Dataset records =
Segment Open

lemma mvmult_Qvec_sums:
  assumes "upper_banded b M"
  shows "(\<lambda>k. mvmult M (Pvec S (of_nat k)) n * (w k / (z - of_nat k))) sums mvmult M (Qvec S w z) n"
proof -
  have "(\<lambda>k. mvmult M (\<lambda>j. Pvec S (of_nat k) j * (w k / (z - of_nat k))) n)
      sums mvmult M (Qvec S w z) n"
    by (rule mvmult_sums[OF assms Qvec_sums])
  then show ?thesis
    by (simp only: mvmult_mult_right[OF assms])
qed

lemma Qvec_kernel_sums:
  assumes "(\<lambda>k. poly p (of_nat k) * Pvec S (of_nat k) n * (w k / (z - of_nat k))) sums s"
  shows "(\<lambda>k. Pvec S (of_nat k) n * ((poly p z - poly p (of_nat k)) / (z - of_nat k)) * w k)
    sums (poly p z * Qvec S w z n - s)"
proof -
  have "(\<lambda>k. poly p z * (Pvec S (of_nat k) n * (w k / (z - of_nat k)))
        - poly p (of_nat k) * Pvec S (of_nat k) n * (w k / (z - of_nat k)))
      sums (poly p z * Qvec S w z n - s)"
    by (intro sums_diff sums_mult Qvec_sums assms)
  then show ?thesis
    by (simp add: divide_inverse algebra_simps)
qed

end

locale pearson_weight = orthogonal_weight +
  fixes \<theta> \<sigma> :: "complex poly"
  assumes pearson: "\<And>k. poly \<theta> (of_nat (Suc k)) * w (Suc k) = poly \<sigma> (of_nat k) * w k"
    and theta_0: "poly \<theta> 0 = 0"
begin

lemma pearson_sums_shift_iff:
  fixes f :: "complex \<Rightarrow> complex"
  shows "(\<lambda>k. poly \<theta> (of_nat k) * w k * f (of_nat k - 1)) sums s
    \<longleftrightarrow> (\<lambda>k. poly \<sigma> (of_nat k) * w k * f (of_nat k)) sums s"
proof -
  have "of_nat (Suc k) - 1 = (of_nat k :: complex)" for k
    by simp
  then have shifted: "(\<lambda>k. poly \<theta> (of_nat (Suc k)) * w (Suc k) * f (of_nat (Suc k) - 1))
      = (\<lambda>k. poly \<sigma> (of_nat k) * w k * f (of_nat k))"
    by (simp only: pearson)
  show ?thesis
    using sums_Suc_iff[of "\<lambda>k. poly \<theta> (of_nat k) * w k * f (of_nat k - 1)" s]
    unfolding shifted by (simp add: theta_0)
qed

lemma Psi_eq_Hd_mult_raising_op: "Psi S Hd \<theta> m n = Hd m * raising_op S \<sigma> n m"
proof -
  define f where "f x = Pvec S x m * Pvec S (x + 1) n" for x
  have "(\<lambda>k. poly \<theta> (of_nat k) * w k * f (of_nat k - 1)) sums (lowering_op S \<theta> m n * Hd n)"
    using mvmult_Pvec_orthogonality_sums[OF upper_banded_lowering_op[OF lower_unitri_S, of \<theta>], of m n]
    by (simp add: mvmult_lowering_op_Pvec[OF lower_unitri_S] f_def mult_ac)
  moreover have "(\<lambda>k. poly \<sigma> (of_nat k) * w k * f (of_nat k)) sums (raising_op S \<sigma> n m * Hd m)"
    using mvmult_Pvec_orthogonality_sums[OF upper_banded_raising_op[OF lower_unitri_S, of \<sigma>], of n m]
    by (simp add: mvmult_raising_op_Pvec[OF lower_unitri_S] f_def mult_ac)
  ultimately have "lowering_op S \<theta> m n * Hd n = raising_op S \<sigma> n m * Hd m"
    by (simp add: pearson_sums_shift_iff sums_unique2)
  then show ?thesis
    by (simp add: Psi_eq_lowering_op mult.commute)
qed

lemma lowering_op_Qvec_sums:
  "(\<lambda>k. poly \<sigma> (of_nat k) * Pvec S (of_nat k) n * (w k / (z - of_nat k)))
    sums mvmult (lowering_op S \<theta>) (Qvec S w (z + 1)) n"
proof -
  define f where "f x = Pvec S x n / (z - x)" for x
  have "(\<lambda>k. poly \<theta> (of_nat k) * w k * f (of_nat k - 1))
      sums mvmult (lowering_op S \<theta>) (Qvec S w (z + 1)) n"
    using mvmult_Qvec_sums[OF upper_banded_lowering_op[OF lower_unitri_S, of \<theta>], of n "z + 1"]
    by (simp add: mvmult_lowering_op_Pvec[OF lower_unitri_S] f_def diff_diff_eq2 mult_ac)
  then have "(\<lambda>k. poly \<sigma> (of_nat k) * w k * f (of_nat k))
      sums mvmult (lowering_op S \<theta>) (Qvec S w (z + 1)) n"
    by (simp only: pearson_sums_shift_iff)
  then show ?thesis
    by (simp add: f_def mult_ac)
qed
text \<open>
  The value of \<open>\<T> x\<close> at \<open>h\<close> depends only on \<open>x\<close> on the translate \<open>\<phi>(h) \<phi>(K)\<close>, where it
  is \<open>\<T>\<^sub>K\<close> applied to the translated pattern.  Hence \<open>\<T>\<close> ignores \<open>x\<close> off \<open>\<phi>(H)\<close>, which forces
  \<open>\<phi>\<close> onto when \<open>\<T>\<close> is injective; \<open>\<T> x\<close> is constant on the fibres of \<open>\<phi>\<close>, which forces \<open>\<phi>\<close>
  injective when \<open>\<T>\<close> is onto; and padding a pattern on \<open>\<phi>(K)\<close> by a constant turns \<open>\<T>\<close> into
  \<open>\<T>\<^sub>K\<close>.  Conversely, if \<open>\<phi>\<close> is bijective, a preimage under \<open>\<T>\<close> is glued together coset by
  coset from preimages under \<open>\<T>\<^sub>K\<close>, after choosing a representative of every left coset of \<open>K\<close>.
\<close>

definition coset_rep :: "('g,'c) monoid_scheme \<Rightarrow> 'g set \<Rightarrow> 'g \<Rightarrow> 'g" where
  "coset_rep G K h = (SOME r. r \<in> h <#\<^bsub>G\<^esub> K)"

context group
begin

lemma coset_rep_in_l_coset:
  assumes "subgroup K G" "h \<in> carrier G"
  shows "coset_rep G K h \<in> h <# K"
  unfolding coset_rep_def using lcos_self[OF assms(2,1)] by (rule someI)

lemma coset_rep_closed:
  assumes "subgroup K G" "h \<in> carrier G"
  shows "coset_rep G K h \<in> carrier G"
  using l_coset_carrier[OF coset_rep_in_l_coset[OF assms] assms(2,1)] .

Segment Closed

Activity =
The entire listing is to be retyped exactly.

Response to this task =
lemma mvmult_Qvec_sums:
  assumes "upper_banded b M"
  shows "(\<lambda>k. mvmult M (Pvec S (of_nat k)) n * (w k / (z - of_nat k))) sums mvmult M (Qvec S w z) n"
proof -
  have "(\<lambda>k. mvmult M (\<lambda>j. Pvec S (of_nat k) j * (w k / (z - of_nat k))) n)
      sums mvmult M (Qvec S w z) n"
    by (rule mvmult_sums[OF assms Qvec_sums])
  then show ?thesis
    by (simp only: mvmult_mult_right[OF assms])
qed

lemma Qvec_kernel_sums:
  assumes "(\<lambda>k. poly p (of_nat k) * Pvec S (of_nat k) n * (w k / (z - of_nat k))) sums s"
  shows "(\<lambda>k. Pvec S (of_nat k) n * ((poly p z - poly p (of_nat k)) / (z - of_nat k)) * w k)
    sums (poly p z * Qvec S w z n - s)"
proof -
  have "(\<lambda>k. poly p z * (Pvec S (of_nat k) n * (w k / (z - of_nat k)))
        - poly p (of_nat k) * Pvec S (of_nat k) n * (w k / (z - of_nat k)))
      sums (poly p z * Qvec S w z n - s)"
    by (intro sums_diff sums_mult Qvec_sums assms)
  then show ?thesis
    by (simp add: divide_inverse algebra_simps)
qed

end

locale pearson_weight = orthogonal_weight +
  fixes \<theta> \<sigma> :: "complex poly"
  assumes pearson: "\<And>k. poly \<theta> (of_nat (Suc k)) * w (Suc k) = poly \<sigma> (of_nat k) * w k"
    and theta_0: "poly \<theta> 0 = 0"
begin

lemma pearson_sums_shift_iff:
  fixes f :: "complex \<Rightarrow> complex"
  shows "(\<lambda>k. poly \<theta> (of_nat k) * w k * f (of_nat k - 1)) sums s
    \<longleftrightarrow> (\<lambda>k. poly \<sigma> (of_nat k) * w k * f (of_nat k)) sums s"
proof -
  have "of_nat (Suc k) - 1 = (of_nat k :: complex)" for k
    by simp
  then have shifted: "(\<lambda>k. poly \<theta> (of_nat (Suc k)) * w (Suc k) * f (of_nat (Suc k) - 1))
      = (\<lambda>k. poly \<sigma> (of_nat k) * w k * f (of_nat k))"
    by (simp only: pearson)
  show ?thesis
    using sums_Suc_iff[of "\<lambda>k. poly \<theta> (of_nat k) * w k * f (of_nat k - 1)" s]
    unfolding shifted by (simp add: theta_0)
qed

lemma Psi_eq_Hd_mult_raising_op: "Psi S Hd \<theta> m n = Hd m * raising_op S \<sigma> n m"
proof -
  define f where "f x = Pvec S x m * Pvec S (x + 1) n" for x
  have "(\<lambda>k. poly \<theta> (of_nat k) * w k * f (of_nat k - 1)) sums (lowering_op S \<theta> m n * Hd n)"
    using mvmult_Pvec_orthogonality_sums[OF upper_banded_lowering_op[OF lower_unitri_S, of \<theta>], of m n]
    by (simp add: mvmult_lowering_op_Pvec[OF lower_unitri_S] f_def mult_ac)
  moreover have "(\<lambda>k. poly \<sigma> (of_nat k) * w k * f (of_nat k)) sums (raising_op S \<sigma> n m * Hd m)"
    using mvmult_Pvec_orthogonality_sums[OF upper_banded_raising_op[OF lower_unitri_S, of \<sigma>], of n m]
    by (simp add: mvmult_raising_op_Pvec[OF lower_unitri_S] f_def mult_ac)
  ultimately have "lowering_op S \<theta> m n * Hd n = raising_op S \<sigma> n m * Hd m"
    by (simp add: pearson_sums_shift_iff sums_unique2)
  then show ?thesis
    by (simp add: Psi_eq_lowering_op mult.commute)
qed

lemma lowering_op_Qvec_sums:
  "(\<lambda>k. poly \<sigma> (of_nat k) * Pvec S (of_nat k) n * (w k / (z - of_nat k)))
    sums mvmult (lowering_op S \<theta>) (Qvec S w (z + 1)) n"
proof -
  define f where "f x = Pvec S x n / (z - x)" for x
  have "(\<lambda>k. poly \<theta> (of_nat k) * w k * f (of_nat k - 1))
      sums mvmult (lowering_op S \<theta>) (Qvec S w (z + 1)) n"
    using mvmult_Qvec_sums[OF upper_banded_lowering_op[OF lower_unitri_S, of \<theta>], of n "z + 1"]
    by (simp add: mvmult_lowering_op_Pvec[OF lower_unitri_S] f_def diff_diff_eq2 mult_ac)
  then have "(\<lambda>k. poly \<sigma> (of_nat k) * w k * f (of_nat k))
      sums mvmult (lowering_op S \<theta>) (Qvec S w (z + 1)) n"
    by (simp only: pearson_sums_shift_iff)
  then show ?thesis
    by (simp add: f_def mult_ac)
qed
text \<open>
  The value of \<open>\<T> x\<close> at \<open>h\<close> depends only on \<open>x\<close> on the translate \<open>\<phi>(h) \<phi>(K)\<close>, where it
  is \<open>\<T>\<^sub>K\<close> applied to the translated pattern.  Hence \<open>\<T>\<close> ignores \<open>x\<close> off \<open>\<phi>(H)\<close>, which forces
  \<open>\<phi>\<close> onto when \<open>\<T>\<close> is injective; \<open>\<T> x\<close> is constant on the fibres of \<open>\<phi>\<close>, which forces \<open>\<phi>\<close>
  injective when \<open>\<T>\<close> is onto; and padding a pattern on \<open>\<phi>(K)\<close> by a constant turns \<open>\<T>\<close> into
  \<open>\<T>\<^sub>K\<close>.  Conversely, if \<open>\<phi>\<close> is bijective, a preimage under \<open>\<T>\<close> is glued together coset by
  coset from preimages under \<open>\<T>\<^sub>K\<close>, after choosing a representative of every left coset of \<open>K\<close>.
\<close>

definition coset_rep :: "('g,'c) monoid_scheme \<Rightarrow> 'g set \<Rightarrow> 'g \<Rightarrow> 'g" where
  "coset_rep G K h = (SOME r. r \<in> h <#\<^bsub>G\<^esub> K)"

context group
begin

lemma coset_rep_in_l_coset:
  assumes "subgroup K G" "h \<in> carrier G"
  shows "coset_rep G K h \<in> h <# K"
  unfolding coset_rep_def using lcos_self[OF assms(2,1)] by (rule someI)

lemma coset_rep_closed:
  assumes "subgroup K G" "h \<in> carrier G"
  shows "coset_rep G K h \<in> carrier G"
  using l_coset_carrier[OF coset_rep_in_l_coset[OF assms] assms(2,1)] .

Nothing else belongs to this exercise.